* BRIEF *
Read the records below and copy each line that contains "blast".

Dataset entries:
##############################
lemma distinct_eq_if_increasing_on_segment:
  fixes s t :: "'a::linorder list"
  assumes "distinct s" "distinct t" "set s = set t" "length s = length t" "hi \<le> length s"
    and agree: "\<And>i. i < length s \<Longrightarrow> i \<notin> {lo..<hi} \<Longrightarrow> s!i = t!i"
    and inc_s: "\<And>i j. lo \<le> i \<Longrightarrow> i < j \<Longrightarrow> j < hi \<Longrightarrow> s!i < s!j"
    and inc_t: "\<And>i j. lo \<le> i \<Longrightarrow> i < j \<Longrightarrow> j < hi \<Longrightarrow> t!i < t!j"
  shows "s = t"
proof -
  have "(!) s ` ({..<length s} - {lo..<hi}) = (!) t ` ({..<length s} - {lo..<hi})"
    using agree by (intro image_cong) auto
  then have "set (map ((!) s) [lo..<hi]) = set (map ((!) t) [lo..<hi])"
    using assms(1-5) by (simp add: nth_image_segment)
  moreover have "sorted_wrt (<) (map ((!) s) [lo..<hi])" "sorted_wrt (<) (map ((!) t) [lo..<hi])"
    using inc_s inc_t by (auto simp: sorted_wrt_iff_nth_less)
  ultimately have "map ((!) s) [lo..<hi] = map ((!) t) [lo..<hi]"
    by (intro sorted_distinct_set_unique) (auto simp: strict_sorted_iff)
  then have "s!i = t!i" if "i \<in> {lo..<hi}" for i
    using that by (auto simp: map_equality_iff)
  with agree show ?thesis
    using assms(4,5) by (metis nth_equalityI)
qed

lemma contains_pattern_3_iff:
  "contains_pattern s [a, b, c] \<longleftrightarrow>
     (\<exists>x y z. x < y \<and> y < z \<and> z < length s \<and>
        (s!x < s!y \<longleftrightarrow> a < b) \<and> (s!y < s!x \<longleftrightarrow> b < a) \<and>
        (s!x < s!z \<longleftrightarrow> a < c) \<and> (s!z < s!x \<longleftrightarrow> c < a) \<and>
        (s!y < s!z \<longleftrightarrow> b < c) \<and> (s!z < s!y \<longleftrightarrow> c < b))"
  (is "_ \<longleftrightarrow> (\<exists>x y z. ?P x y z)")
proof
  assume "contains_pattern s [a, b, c]"
  then obtain "is" where "is": "length is = length [a, b, c]" "sorted_wrt (<) is"
    "\<forall>i\<in>set is. i < length s"
    "\<forall>i<length [a, b, c]. \<forall>j<length [a, b, c].
       s ! (is ! i) < s ! (is ! j) \<longleftrightarrow> [a, b, c] ! i < [a, b, c] ! j"
    unfolding contains_pattern_def by blast
  from "is"(1) obtain x y z where "is = [x, y, z]"
    by (auto simp: length_Suc_conv)
  with "is" show "\<exists>x y z. ?P x y z"
    by (intro exI[of _ x] exI[of _ y] exI[of _ z]) (simp add: All_less_Suc2)
next
  assume "\<exists>x y z. ?P x y z"
  then obtain x y z where "?P x y z" by (elim exE)
  then show "contains_pattern s [a, b, c]"
    unfolding contains_pattern_def
    by (intro exI[of _ "[x, y, z]"]) (simp add: All_less_Suc2)
qed

lemma contains_321_iff:
  "contains_pattern s [3, 2, 1] \<longleftrightarrow>
     (\<exists>i j k. i < j \<and> j < k \<and> k < length s \<and> s!k < s!j \<and> s!j < s!i)"
  unfolding contains_pattern_3_iff
  by (intro ex_cong1 iffI) (auto simp: not_less_iff_gr_or_eq dest: less_trans)

lemma contains_pattern_4_iff:
  "contains_pattern s [a, b, c, d] \<longleftrightarrow>
     (\<exists>x y z w. x < y \<and> y < z \<and> z < w \<and> w < length s \<and>
        (s!x < s!y \<longleftrightarrow> a < b) \<and> (s!y < s!x \<longleftrightarrow> b < a) \<and>
        (s!x < s!z \<longleftrightarrow> a < c) \<and> (s!z < s!x \<longleftrightarrow> c < a) \<and>
        (s!x < s!w \<longleftrightarrow> a < d) \<and> (s!w < s!x \<longleftrightarrow> d < a) \<and>
        (s!y < s!z \<longleftrightarrow> b < c) \<and> (s!z < s!y \<longleftrightarrow> c < b) \<and>
        (s!y < s!w \<longleftrightarrow> b < d) \<and> (s!w < s!y \<longleftrightarrow> d < b) \<and>
        (s!z < s!w \<longleftrightarrow> c < d) \<and> (s!w < s!z \<longleftrightarrow> d < c))"
  (is "_ \<longleftrightarrow> (\<exists>x y z w. ?P x y z w)")
proof
  assume "contains_pattern s [a, b, c, d]"
  then obtain "is" where "is": "length is = length [a, b, c, d]" "sorted_wrt (<) is"
    "\<forall>i\<in>set is. i < length s"
    "\<forall>i<length [a, b, c, d]. \<forall>j<length [a, b, c, d].
       s ! (is ! i) < s ! (is ! j) \<longleftrightarrow> [a, b, c, d] ! i < [a, b, c, d] ! j"
    unfolding contains_pattern_def by blast
  from "is"(1) obtain x y z w where "is = [x, y, z, w]"
    by (auto simp: length_Suc_conv)
  with "is" show "\<exists>x y z w. ?P x y z w"
    by (intro exI[of _ x] exI[of _ y] exI[of _ z] exI[of _ w]) (simp add: All_less_Suc2)
next
  assume "\<exists>x y z w. ?P x y z w"
  then obtain x y z w where "?P x y z w" by (elim exE)
  then show "contains_pattern s [a, b, c, d]"
    unfolding contains_pattern_def
    by (intro exI[of _ "[x, y, z, w]"]) (simp add: All_less_Suc2)
qed

lemma contains_1423_iff:
  "contains_pattern s [1, 4, 2, 3] \<longleftrightarrow>
     (\<exists>i j k l. i < j \<and> j < k \<and> k < l \<and> l < length s \<and> s!i < s!k \<and> s!k < s!l \<and> s!l < s!j)"
  unfolding contains_pattern_4_iff
  by (intro ex_cong1 iffI) (auto simp: not_less_iff_gr_or_eq dest: less_trans)

lemma contains_2143_iff:
  "contains_pattern s [2, 1, 4, 3] \<longleftrightarrow>
     (\<exists>i j k l. i < j \<and> j < k \<and> k < l \<and> l < length s \<and> s!j < s!i \<and> s!i < s!l \<and> s!l < s!k)"
  unfolding contains_pattern_4_iff
  by (intro ex_cong1 iffI) (auto simp: not_less_iff_gr_or_eq dest: less_trans)

lemma contains_pattern_append:
  assumes "contains_pattern xs p"
  shows "contains_pattern (xs @ ys) p"
proof -
  obtain "is" where "is": "length is = length p" "sorted_wrt (<) is" "\<forall>i\<in>set is. i < length xs"
    "\<forall>a<length p. \<forall>b<length p. xs ! (is ! a) < xs ! (is ! b) \<longleftrightarrow> p ! a < p ! b"
    using assms unfolding contains_pattern_def by blast
  then have "\<forall>i\<in>set is. i < length (xs @ ys)"
    "\<forall>a<length p. \<forall>b<length p. (xs @ ys) ! (is ! a) < (xs @ ys) ! (is ! b) \<longleftrightarrow> p ! a < p ! b"
    by (auto simp: nth_append)
  with "is"(1,2) show ?thesis
    unfolding contains_pattern_def by blast
qed

lemma contains_pattern_snoc_max:
  assumes "contains_pattern (xs @ [M]) p" and below: "\<forall>v\<in>set xs. v < M"
    and "\<exists>x\<in>set p. last p < x"
  shows "contains_pattern xs p"
proof -
  obtain "is" where "is": "length is = length p" "sorted_wrt (<) is"
    "\<forall>i\<in>set is. i < Suc (length xs)"
    "\<forall>a<length p. \<forall>b<length p. (xs @ [M]) ! (is ! a) < (xs @ [M]) ! (is ! b) \<longleftrightarrow> p ! a < p ! b"
    using assms(1) unfolding contains_pattern_def by auto
  obtain a where a: "a < length p" "last p < p ! a"
    using assms(3) by (auto simp: in_set_conv_nth)
  define L where "L = length p - 1"
  have "L < length p" "last p = p ! L"
    using a(1) unfolding L_def by (cases p; simp add: last_conv_nth)+
  with a have "a \<noteq> L" by auto
  with a(1) have "a < L"
    unfolding L_def by arith
  have "is ! L < length xs"
  proof (rule ccontr)
    assume "\<not> is ! L < length xs"
    with "is" \<open>L < length p\<close> have "is ! L = length xs" by (auto simp: less_Suc_eq)
    moreover have "is ! a < is ! L"
      using "is"(1,2) \<open>a < L\<close> \<open>L < length p\<close> by (simp add: sorted_wrt_iff_nth_less)
    ultimately have "(xs @ [M]) ! (is ! a) < (xs @ [M]) ! (is ! L)"
      using below by (simp add: nth_append)
    with "is"(4) a \<open>a < L\<close> \<open>L < length p\<close> \<open>last p = p ! L\<close> show False
      by auto
  qed
  have "is ! k < length xs" if "k < length p" for k
  proof (cases "k = L")
    case False
    with that have "k < L" unfolding L_def by auto
    with "is"(1,2) \<open>L < length p\<close> have "is ! k < is ! L"
      by (simp add: sorted_wrt_iff_nth_less)
    with \<open>is ! L < length xs\<close> show ?thesis by simp
  qed (use \<open>is ! L < length xs\<close> in simp)
  then have "\<forall>i\<in>set is. i < length xs"
    using "is"(1) by (auto simp: in_set_conv_nth)
  with "is" show ?thesis
    unfolding contains_pattern_def by (intro exI[of _ "is"]) (auto simp: nth_append)
qed

lemma fishburn_iff:
  "fishburn s \<longleftrightarrow> (\<forall>i j. i < j \<longrightarrow> j < length s \<longrightarrow> s!i = Suc (s!j) \<longrightarrow> \<not> s!i < s!Suc i)"
  unfolding fishburn_def
proof (intro iffI allI impI notI)
  fix i j
  assume none: "\<not> (\<exists>i j. i < j \<and> j < length s \<and> Suc i < length s \<and>
    s ! j < s ! i \<and> s ! i < s ! Suc i \<and> s ! i = s ! j + 1)"
    and "i < j" "j < length s" "s!i = Suc (s!j)" "s!i < s!Suc i"
  then have "i < j \<and> j < length s \<and> Suc i < length s \<and>
    s ! j < s ! i \<and> s ! i < s ! Suc i \<and> s ! i = s ! j + 1"
    by auto
  with none show False by blast
next
  assume "\<forall>i j. i < j \<longrightarrow> j < length s \<longrightarrow> s!i = Suc (s!j) \<longrightarrow> \<not> s!i < s!Suc i"
    and "\<exists>i j. i < j \<and> j < length s \<and> Suc i < length s \<and>
      s ! j < s ! i \<and> s ! i < s ! Suc i \<and> s ! i = s ! j + 1"
  then show False by auto
qed

lemma fishburn_appendD:
  assumes "fishburn (xs @ ys)"
  shows "fishburn xs"
  unfolding fishburn_iff
proof (intro allI impI)
  fix i j assume "i < j" "j < length xs" "xs!i = Suc (xs!j)"
  with assms[unfolded fishburn_iff, rule_format, of i j] show "\<not> xs!i < xs!Suc i"
    by (simp add: nth_append)
qed

lemma fishburn_snoc_max:
  assumes "fishburn xs" "\<forall>v\<in>set xs. v < M"
  shows "fishburn (xs @ [M])"
  unfolding fishburn_iff
proof (intro allI impI)
  fix i j assume ij: "i < j" "j < length (xs @ [M])" "(xs @ [M])!i = Suc ((xs @ [M])!j)"
  have "j \<noteq> length xs"
    using ij assms(2) nth_mem[of i xs] by (auto simp: nth_append)
  with ij have "i < j" "j < length xs" "xs!i = Suc (xs!j)" "Suc i < length xs"
    by (auto simp: nth_append)
  with assms(1)[unfolded fishburn_iff, rule_format, of i j] show "\<not> (xs @ [M])!i < (xs @ [M])!Suc i"
    by (simp add: nth_append)
qed

lemma finite_F_set: "finite (F_set n pats)"
  unfolding F_set_def by (rule finite_subset[OF Collect_subset finite_permutations_of_set])

lemma F_set_0:
  assumes "[] \<notin> set pats"
  shows "F_set 0 pats = {[]}"
proof -
  have "\<forall>p\<in>set pats. avoids [] p"
    unfolding avoids_def
  proof (intro ballI notI)
    fix p assume "p \<in> set pats"
    assume "contains_pattern [] p"
    then obtain "is" where "length is = length p" "set is = {}"
      unfolding contains_pattern_def by auto
    with \<open>p \<in> set pats\<close> assms show False by auto
  qed
  moreover have "fishburn []"
    by (simp add: fishburn_def)
  ultimately have "[] \<in> F_set 0 pats"
    by (simp add: F_set_def)
  moreover have "F_set 0 pats \<subseteq> {[]}"
    unfolding F_set_def by (simp add: subset_iff)
  ultimately show ?thesis by blast
qed

lemma snoc_max_in_F_set:
  assumes "\<forall>p\<in>set pats. \<exists>x\<in>set p. last p < x" and "s \<in> F_set m pats"
  shows "s @ [Suc m] \<in> F_set (Suc m) pats"
proof -
  have s: "set s = {1..m}" "distinct s" "fishburn s" "\<forall>p\<in>set pats. avoids s p"
    using assms(2) by (auto simp: F_set_def permutations_of_set_def)
  then have below: "\<forall>v\<in>set s. v < Suc m" by auto
  have "s @ [Suc m] \<in> permutations_of_set {1..Suc m}"
    using s(1,2) by (simp add: permutations_of_set_def atLeastAtMostSuc_conv)
  moreover have "\<forall>p\<in>set pats. avoids (s @ [Suc m]) p"
  proof
    fix p assume "p \<in> set pats"
    with s(4) assms(1) have "avoids s p" "\<exists>x\<in>set p. last p < x" by auto
    then show "avoids (s @ [Suc m]) p"
      using contains_pattern_snoc_max[OF _ below] unfolding avoids_def by blast
  qed
  ultimately show ?thesis
    using fishburn_snoc_max[OF s(3) below] by (simp add: F_set_def)
qed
##############################
* SOLUTION TO THE PROBLEM *
    unfolding contains_pattern_def by blast
    unfolding contains_pattern_def by blast
    using assms unfolding contains_pattern_def by blast
    unfolding contains_pattern_def by blast
  with none show False by blast
  ultimately show ?thesis by blast
      using contains_pattern_snoc_max[OF _ below] unfolding avoids_def by blast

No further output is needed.